## Exercise prompt
Among the lines below, count those with "intro". Give only the number.
[Opening Extracted material section]
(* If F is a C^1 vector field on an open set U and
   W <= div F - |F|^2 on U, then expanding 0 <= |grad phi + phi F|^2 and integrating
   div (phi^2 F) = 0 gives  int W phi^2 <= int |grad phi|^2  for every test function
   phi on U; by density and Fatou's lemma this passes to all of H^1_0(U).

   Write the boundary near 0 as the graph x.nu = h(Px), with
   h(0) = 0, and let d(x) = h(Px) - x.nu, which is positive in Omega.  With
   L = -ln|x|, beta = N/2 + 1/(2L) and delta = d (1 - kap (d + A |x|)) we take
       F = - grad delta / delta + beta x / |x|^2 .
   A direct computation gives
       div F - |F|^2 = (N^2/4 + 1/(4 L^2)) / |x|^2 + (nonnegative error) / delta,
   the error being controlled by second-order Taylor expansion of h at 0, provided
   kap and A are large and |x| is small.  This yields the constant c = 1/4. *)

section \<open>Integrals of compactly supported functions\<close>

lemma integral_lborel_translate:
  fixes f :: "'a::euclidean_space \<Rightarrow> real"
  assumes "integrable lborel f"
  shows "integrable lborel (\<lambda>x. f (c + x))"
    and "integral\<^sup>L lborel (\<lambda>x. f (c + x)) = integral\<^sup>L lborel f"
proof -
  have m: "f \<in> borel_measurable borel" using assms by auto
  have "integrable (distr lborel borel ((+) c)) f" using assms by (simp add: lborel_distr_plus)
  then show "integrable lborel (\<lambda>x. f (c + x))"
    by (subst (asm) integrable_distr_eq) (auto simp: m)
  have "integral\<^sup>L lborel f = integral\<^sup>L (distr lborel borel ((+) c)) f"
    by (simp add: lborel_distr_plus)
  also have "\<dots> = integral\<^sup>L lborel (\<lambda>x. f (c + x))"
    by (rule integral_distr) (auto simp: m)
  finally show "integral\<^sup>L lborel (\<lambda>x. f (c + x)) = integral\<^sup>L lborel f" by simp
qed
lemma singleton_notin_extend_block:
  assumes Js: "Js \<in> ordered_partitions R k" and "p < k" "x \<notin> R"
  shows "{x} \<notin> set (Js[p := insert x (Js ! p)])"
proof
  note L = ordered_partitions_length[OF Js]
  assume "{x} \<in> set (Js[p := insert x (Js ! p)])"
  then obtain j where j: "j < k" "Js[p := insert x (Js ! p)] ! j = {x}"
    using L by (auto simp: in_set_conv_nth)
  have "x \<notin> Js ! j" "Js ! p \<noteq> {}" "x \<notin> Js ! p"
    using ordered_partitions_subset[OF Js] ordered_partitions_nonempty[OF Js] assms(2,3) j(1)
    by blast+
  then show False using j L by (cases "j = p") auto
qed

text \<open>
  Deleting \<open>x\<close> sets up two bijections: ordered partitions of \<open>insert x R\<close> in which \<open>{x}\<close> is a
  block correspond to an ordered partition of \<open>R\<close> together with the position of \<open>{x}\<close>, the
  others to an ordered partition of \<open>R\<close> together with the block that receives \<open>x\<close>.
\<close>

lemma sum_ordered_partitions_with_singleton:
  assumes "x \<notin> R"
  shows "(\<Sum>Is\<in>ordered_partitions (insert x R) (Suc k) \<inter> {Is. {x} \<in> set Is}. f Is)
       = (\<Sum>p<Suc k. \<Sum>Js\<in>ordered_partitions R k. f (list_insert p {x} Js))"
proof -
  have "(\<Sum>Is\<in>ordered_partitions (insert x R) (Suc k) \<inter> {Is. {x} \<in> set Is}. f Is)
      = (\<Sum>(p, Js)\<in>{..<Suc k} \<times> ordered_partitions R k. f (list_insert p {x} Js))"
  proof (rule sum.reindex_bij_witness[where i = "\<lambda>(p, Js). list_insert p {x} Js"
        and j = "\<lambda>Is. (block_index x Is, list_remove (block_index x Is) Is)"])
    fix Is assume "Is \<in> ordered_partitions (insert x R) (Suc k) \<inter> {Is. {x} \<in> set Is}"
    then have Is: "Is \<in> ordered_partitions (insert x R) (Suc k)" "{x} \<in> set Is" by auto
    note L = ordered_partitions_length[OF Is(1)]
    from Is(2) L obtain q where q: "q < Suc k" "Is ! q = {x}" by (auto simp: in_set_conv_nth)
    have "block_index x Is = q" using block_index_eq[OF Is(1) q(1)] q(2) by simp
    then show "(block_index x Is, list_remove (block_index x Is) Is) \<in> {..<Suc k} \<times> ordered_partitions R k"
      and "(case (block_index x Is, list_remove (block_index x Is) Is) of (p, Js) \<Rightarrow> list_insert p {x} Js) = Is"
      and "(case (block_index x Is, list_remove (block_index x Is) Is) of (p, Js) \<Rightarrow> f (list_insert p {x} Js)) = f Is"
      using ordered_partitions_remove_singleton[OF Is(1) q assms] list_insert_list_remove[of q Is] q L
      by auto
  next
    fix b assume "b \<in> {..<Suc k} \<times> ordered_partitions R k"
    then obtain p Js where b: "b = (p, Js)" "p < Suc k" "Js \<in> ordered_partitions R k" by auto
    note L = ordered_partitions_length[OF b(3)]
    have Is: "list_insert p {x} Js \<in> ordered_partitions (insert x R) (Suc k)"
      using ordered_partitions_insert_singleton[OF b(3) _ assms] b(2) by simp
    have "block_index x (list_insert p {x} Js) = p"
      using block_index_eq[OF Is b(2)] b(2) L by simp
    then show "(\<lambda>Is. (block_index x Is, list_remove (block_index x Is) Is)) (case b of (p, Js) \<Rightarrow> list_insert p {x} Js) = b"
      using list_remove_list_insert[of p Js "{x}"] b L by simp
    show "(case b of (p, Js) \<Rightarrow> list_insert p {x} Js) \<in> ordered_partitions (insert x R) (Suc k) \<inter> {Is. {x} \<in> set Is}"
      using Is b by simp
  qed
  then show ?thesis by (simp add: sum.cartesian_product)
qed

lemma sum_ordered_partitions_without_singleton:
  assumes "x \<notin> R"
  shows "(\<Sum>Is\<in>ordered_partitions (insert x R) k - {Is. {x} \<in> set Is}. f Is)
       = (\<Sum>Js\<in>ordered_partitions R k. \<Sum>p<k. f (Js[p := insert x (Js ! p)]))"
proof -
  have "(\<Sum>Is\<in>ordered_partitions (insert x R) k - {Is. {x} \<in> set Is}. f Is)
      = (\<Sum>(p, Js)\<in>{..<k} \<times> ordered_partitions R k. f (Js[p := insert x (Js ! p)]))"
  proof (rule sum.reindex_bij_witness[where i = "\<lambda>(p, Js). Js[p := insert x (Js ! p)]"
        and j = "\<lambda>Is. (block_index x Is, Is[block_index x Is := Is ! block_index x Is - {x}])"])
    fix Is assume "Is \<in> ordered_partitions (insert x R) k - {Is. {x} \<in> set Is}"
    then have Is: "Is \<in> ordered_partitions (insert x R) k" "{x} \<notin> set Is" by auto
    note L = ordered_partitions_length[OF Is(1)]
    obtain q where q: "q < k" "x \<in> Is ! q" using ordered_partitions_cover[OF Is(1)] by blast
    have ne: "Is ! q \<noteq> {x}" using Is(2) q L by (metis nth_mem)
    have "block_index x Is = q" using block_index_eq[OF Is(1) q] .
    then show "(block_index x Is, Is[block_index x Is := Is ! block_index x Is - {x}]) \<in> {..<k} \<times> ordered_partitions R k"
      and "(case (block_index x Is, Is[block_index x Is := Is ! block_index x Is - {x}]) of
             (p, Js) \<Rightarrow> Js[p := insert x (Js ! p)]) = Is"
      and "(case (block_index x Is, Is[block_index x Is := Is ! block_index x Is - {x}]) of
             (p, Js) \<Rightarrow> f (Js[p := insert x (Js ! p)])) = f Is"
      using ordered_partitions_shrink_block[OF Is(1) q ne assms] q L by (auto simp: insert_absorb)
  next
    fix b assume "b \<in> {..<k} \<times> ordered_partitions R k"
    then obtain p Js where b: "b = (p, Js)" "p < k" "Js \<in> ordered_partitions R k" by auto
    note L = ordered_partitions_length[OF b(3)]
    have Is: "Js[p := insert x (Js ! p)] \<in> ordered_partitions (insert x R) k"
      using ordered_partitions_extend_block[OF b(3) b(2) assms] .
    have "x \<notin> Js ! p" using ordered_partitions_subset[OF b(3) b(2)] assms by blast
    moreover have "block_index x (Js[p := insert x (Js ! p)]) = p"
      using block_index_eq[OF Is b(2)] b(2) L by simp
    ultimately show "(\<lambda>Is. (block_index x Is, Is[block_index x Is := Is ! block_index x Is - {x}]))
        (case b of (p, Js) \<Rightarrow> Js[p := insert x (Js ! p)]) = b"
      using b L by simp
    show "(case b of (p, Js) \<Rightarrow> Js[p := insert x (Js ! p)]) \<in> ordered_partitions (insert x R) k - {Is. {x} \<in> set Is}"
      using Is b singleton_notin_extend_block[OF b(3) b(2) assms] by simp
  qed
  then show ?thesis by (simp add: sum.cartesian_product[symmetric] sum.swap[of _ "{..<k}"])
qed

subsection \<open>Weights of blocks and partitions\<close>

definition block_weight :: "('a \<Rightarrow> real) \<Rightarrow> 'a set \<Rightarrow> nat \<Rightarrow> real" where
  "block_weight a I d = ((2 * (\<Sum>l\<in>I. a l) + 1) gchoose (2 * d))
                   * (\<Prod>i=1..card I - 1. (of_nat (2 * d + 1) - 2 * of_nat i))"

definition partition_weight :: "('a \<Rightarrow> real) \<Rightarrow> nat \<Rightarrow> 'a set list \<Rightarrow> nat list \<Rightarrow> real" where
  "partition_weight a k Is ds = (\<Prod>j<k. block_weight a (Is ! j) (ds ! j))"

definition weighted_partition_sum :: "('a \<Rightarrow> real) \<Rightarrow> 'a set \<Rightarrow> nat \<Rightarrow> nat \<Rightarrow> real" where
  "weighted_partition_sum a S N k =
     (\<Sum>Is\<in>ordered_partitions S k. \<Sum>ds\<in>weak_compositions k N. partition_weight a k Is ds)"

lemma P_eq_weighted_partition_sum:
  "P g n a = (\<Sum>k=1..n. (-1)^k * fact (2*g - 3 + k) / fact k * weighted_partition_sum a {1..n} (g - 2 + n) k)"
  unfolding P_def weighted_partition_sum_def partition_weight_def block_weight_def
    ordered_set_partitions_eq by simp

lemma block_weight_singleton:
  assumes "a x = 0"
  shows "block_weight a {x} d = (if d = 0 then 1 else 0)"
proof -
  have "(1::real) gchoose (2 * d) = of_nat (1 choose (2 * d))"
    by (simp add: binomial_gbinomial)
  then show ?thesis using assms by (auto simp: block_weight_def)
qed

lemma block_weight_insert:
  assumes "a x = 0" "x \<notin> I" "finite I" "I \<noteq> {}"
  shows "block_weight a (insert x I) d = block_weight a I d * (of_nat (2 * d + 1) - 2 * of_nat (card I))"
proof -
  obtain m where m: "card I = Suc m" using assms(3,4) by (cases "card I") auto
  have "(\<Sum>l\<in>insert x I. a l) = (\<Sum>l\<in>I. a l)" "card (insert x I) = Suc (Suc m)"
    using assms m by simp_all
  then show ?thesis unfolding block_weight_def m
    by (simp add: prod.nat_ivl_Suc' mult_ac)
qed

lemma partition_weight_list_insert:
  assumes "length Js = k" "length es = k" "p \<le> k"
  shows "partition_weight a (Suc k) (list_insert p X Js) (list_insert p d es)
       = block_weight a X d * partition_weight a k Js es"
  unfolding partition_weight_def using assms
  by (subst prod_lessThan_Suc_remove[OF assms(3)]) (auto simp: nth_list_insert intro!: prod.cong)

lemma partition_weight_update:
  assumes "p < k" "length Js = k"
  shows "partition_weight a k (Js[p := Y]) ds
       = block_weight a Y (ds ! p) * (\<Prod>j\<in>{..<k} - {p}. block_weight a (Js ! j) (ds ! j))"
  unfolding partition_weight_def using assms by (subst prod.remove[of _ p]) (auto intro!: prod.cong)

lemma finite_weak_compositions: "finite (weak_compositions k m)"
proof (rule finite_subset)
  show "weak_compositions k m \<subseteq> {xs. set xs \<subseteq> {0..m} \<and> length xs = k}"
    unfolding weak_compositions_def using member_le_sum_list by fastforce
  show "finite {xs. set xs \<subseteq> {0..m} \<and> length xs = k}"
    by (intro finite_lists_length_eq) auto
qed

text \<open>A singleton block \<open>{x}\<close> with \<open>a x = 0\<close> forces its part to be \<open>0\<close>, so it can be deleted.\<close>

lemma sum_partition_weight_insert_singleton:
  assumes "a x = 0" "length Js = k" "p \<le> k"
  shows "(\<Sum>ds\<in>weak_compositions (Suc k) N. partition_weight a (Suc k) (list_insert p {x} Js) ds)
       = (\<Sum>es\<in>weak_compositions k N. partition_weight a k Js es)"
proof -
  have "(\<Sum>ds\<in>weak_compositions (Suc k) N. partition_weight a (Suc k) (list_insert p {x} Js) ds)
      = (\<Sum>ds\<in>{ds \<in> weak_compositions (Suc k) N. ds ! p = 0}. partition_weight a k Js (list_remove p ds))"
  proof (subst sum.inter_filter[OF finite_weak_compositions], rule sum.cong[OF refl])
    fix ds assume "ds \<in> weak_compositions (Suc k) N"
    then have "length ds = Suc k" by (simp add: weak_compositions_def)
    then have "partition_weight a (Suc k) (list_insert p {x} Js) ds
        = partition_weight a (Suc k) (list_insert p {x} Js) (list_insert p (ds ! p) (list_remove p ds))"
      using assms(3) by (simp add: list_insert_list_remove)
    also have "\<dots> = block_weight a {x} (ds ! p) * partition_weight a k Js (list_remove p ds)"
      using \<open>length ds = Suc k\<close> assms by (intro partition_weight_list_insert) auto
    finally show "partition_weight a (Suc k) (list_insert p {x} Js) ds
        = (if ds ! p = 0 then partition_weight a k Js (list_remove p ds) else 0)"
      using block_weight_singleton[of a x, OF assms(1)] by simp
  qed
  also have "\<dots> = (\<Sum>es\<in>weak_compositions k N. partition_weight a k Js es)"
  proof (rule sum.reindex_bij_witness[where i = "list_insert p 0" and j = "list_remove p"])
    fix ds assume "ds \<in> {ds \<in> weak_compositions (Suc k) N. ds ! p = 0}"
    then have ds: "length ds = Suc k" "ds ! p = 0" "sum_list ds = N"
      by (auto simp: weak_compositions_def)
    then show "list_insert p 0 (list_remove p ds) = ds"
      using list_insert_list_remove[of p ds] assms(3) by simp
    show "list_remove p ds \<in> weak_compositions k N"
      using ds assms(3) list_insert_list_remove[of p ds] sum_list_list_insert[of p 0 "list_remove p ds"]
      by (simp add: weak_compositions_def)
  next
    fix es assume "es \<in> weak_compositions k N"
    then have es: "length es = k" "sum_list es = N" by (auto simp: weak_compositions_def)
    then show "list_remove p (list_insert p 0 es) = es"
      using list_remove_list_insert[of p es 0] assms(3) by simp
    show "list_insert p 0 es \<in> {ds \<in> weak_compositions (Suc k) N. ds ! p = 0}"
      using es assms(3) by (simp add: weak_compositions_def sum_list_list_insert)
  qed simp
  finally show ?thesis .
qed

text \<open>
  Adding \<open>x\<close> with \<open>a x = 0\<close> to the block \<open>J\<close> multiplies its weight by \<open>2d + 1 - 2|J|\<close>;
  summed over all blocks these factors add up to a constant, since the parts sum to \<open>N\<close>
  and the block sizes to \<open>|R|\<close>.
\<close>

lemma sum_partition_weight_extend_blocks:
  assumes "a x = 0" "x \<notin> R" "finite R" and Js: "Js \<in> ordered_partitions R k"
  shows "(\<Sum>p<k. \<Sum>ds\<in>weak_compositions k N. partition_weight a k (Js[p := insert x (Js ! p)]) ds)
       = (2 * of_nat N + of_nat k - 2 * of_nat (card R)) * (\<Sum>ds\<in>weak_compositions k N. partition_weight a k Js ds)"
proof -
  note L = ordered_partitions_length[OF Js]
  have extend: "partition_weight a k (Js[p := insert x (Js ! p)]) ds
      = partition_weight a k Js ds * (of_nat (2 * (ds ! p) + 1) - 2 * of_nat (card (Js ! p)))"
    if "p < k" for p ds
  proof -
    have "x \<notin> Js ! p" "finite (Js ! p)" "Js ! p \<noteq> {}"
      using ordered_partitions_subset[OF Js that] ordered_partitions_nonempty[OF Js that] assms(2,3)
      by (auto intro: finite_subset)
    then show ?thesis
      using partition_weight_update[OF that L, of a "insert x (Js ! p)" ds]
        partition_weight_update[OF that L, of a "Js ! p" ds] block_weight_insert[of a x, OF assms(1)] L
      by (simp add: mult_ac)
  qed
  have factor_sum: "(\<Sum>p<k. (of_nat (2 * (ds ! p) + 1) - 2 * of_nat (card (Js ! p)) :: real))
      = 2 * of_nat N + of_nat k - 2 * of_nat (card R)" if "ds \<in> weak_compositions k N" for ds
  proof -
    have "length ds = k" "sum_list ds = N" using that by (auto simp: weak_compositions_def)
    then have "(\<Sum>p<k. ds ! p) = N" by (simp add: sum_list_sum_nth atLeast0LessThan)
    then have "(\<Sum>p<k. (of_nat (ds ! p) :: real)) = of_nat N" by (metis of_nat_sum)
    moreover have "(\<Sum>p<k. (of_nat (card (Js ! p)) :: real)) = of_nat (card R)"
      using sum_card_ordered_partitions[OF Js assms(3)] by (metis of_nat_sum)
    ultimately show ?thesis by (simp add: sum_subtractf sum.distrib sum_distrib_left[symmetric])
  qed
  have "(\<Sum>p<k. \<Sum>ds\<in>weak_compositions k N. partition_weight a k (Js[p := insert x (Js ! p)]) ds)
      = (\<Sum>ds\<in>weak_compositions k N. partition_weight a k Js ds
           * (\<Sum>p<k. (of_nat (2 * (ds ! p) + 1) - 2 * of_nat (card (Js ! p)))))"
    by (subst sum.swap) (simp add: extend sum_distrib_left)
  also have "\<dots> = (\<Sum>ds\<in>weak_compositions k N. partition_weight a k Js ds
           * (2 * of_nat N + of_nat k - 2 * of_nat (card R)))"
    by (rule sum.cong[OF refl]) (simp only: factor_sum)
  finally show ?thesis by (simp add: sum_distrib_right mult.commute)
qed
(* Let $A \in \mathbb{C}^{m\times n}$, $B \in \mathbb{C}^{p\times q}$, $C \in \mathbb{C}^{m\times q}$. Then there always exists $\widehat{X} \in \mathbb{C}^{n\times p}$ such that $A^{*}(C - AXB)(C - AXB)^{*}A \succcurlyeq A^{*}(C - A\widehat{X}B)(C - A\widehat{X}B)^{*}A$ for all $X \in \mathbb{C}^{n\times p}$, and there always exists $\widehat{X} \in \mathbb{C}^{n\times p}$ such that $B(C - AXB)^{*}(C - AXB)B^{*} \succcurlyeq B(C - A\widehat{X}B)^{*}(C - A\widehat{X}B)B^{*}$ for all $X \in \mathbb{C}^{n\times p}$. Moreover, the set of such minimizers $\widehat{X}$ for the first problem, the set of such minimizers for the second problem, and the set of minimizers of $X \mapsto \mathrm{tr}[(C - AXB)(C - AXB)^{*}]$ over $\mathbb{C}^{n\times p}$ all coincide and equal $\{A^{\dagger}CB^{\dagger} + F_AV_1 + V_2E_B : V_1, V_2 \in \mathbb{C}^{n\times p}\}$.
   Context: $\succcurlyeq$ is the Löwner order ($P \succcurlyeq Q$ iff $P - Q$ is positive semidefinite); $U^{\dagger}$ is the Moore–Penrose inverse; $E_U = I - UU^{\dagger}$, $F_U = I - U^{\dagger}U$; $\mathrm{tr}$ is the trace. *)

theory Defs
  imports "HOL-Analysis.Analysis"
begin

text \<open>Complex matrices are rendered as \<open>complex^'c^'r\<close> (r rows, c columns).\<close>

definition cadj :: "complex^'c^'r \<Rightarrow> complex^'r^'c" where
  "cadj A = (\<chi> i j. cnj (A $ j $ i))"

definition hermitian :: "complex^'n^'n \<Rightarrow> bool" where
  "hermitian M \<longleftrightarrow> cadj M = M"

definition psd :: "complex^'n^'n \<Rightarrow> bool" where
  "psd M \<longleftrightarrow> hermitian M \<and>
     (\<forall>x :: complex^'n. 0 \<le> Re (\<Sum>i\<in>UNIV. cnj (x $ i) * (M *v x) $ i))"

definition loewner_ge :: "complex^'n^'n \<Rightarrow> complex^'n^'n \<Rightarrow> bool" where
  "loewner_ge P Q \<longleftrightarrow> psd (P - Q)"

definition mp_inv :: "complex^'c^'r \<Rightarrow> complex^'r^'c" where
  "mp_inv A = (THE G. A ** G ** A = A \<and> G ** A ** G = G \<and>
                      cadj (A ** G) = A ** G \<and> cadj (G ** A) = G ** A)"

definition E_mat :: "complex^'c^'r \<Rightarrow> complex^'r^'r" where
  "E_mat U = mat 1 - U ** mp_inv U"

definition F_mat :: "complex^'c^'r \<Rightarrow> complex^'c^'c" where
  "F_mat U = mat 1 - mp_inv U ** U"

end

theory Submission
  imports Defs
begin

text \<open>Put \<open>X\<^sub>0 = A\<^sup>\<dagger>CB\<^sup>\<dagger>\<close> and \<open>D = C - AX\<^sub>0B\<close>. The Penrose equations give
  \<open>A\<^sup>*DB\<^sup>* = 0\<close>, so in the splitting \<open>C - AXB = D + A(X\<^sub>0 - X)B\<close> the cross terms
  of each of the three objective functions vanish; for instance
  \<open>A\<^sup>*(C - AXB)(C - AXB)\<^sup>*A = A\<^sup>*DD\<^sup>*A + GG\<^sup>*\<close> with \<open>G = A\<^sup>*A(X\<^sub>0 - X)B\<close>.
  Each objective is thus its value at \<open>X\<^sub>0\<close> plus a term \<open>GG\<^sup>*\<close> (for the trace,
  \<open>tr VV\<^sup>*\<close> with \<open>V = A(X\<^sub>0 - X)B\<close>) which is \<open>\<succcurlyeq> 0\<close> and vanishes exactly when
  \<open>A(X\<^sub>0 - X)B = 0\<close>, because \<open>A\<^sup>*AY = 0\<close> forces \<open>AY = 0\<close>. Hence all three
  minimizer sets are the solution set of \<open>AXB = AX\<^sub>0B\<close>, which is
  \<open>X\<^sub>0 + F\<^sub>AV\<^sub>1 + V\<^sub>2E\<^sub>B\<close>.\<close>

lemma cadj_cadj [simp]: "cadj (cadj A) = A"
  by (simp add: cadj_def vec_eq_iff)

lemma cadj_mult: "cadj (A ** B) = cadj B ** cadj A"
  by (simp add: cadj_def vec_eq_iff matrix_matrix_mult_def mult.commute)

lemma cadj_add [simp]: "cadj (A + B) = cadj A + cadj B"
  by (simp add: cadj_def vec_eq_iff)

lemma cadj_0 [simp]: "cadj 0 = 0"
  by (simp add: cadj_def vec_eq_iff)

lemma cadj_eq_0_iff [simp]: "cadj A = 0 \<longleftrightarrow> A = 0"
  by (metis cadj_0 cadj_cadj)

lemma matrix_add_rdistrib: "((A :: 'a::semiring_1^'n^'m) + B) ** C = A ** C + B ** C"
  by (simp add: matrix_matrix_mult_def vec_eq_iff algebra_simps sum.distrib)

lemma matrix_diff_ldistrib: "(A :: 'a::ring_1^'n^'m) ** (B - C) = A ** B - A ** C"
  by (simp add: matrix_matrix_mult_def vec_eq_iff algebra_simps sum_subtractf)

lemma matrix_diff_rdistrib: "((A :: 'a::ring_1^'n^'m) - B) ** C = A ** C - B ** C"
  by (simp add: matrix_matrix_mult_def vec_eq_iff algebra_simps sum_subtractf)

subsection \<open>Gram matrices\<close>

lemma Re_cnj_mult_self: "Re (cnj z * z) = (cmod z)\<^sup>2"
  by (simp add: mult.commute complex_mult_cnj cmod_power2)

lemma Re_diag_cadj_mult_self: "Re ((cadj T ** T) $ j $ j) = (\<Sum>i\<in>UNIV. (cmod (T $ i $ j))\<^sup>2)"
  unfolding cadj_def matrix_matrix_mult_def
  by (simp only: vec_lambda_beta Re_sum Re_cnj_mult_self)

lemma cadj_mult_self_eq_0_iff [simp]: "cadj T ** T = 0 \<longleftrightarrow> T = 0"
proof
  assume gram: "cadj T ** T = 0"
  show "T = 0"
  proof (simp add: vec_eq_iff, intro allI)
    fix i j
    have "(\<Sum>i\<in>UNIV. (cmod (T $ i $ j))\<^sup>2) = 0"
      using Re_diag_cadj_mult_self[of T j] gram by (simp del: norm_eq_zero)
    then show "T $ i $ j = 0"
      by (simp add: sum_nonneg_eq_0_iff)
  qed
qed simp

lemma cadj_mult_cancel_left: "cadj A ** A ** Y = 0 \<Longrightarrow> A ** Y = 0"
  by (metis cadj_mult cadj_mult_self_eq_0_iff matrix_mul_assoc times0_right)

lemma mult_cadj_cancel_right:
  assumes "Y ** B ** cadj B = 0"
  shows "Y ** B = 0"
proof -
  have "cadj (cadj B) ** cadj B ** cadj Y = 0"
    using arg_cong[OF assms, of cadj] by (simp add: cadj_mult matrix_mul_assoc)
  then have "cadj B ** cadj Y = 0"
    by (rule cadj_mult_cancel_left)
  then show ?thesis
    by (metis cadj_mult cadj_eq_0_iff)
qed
[Closing Extracted material section]
## Response to this task
6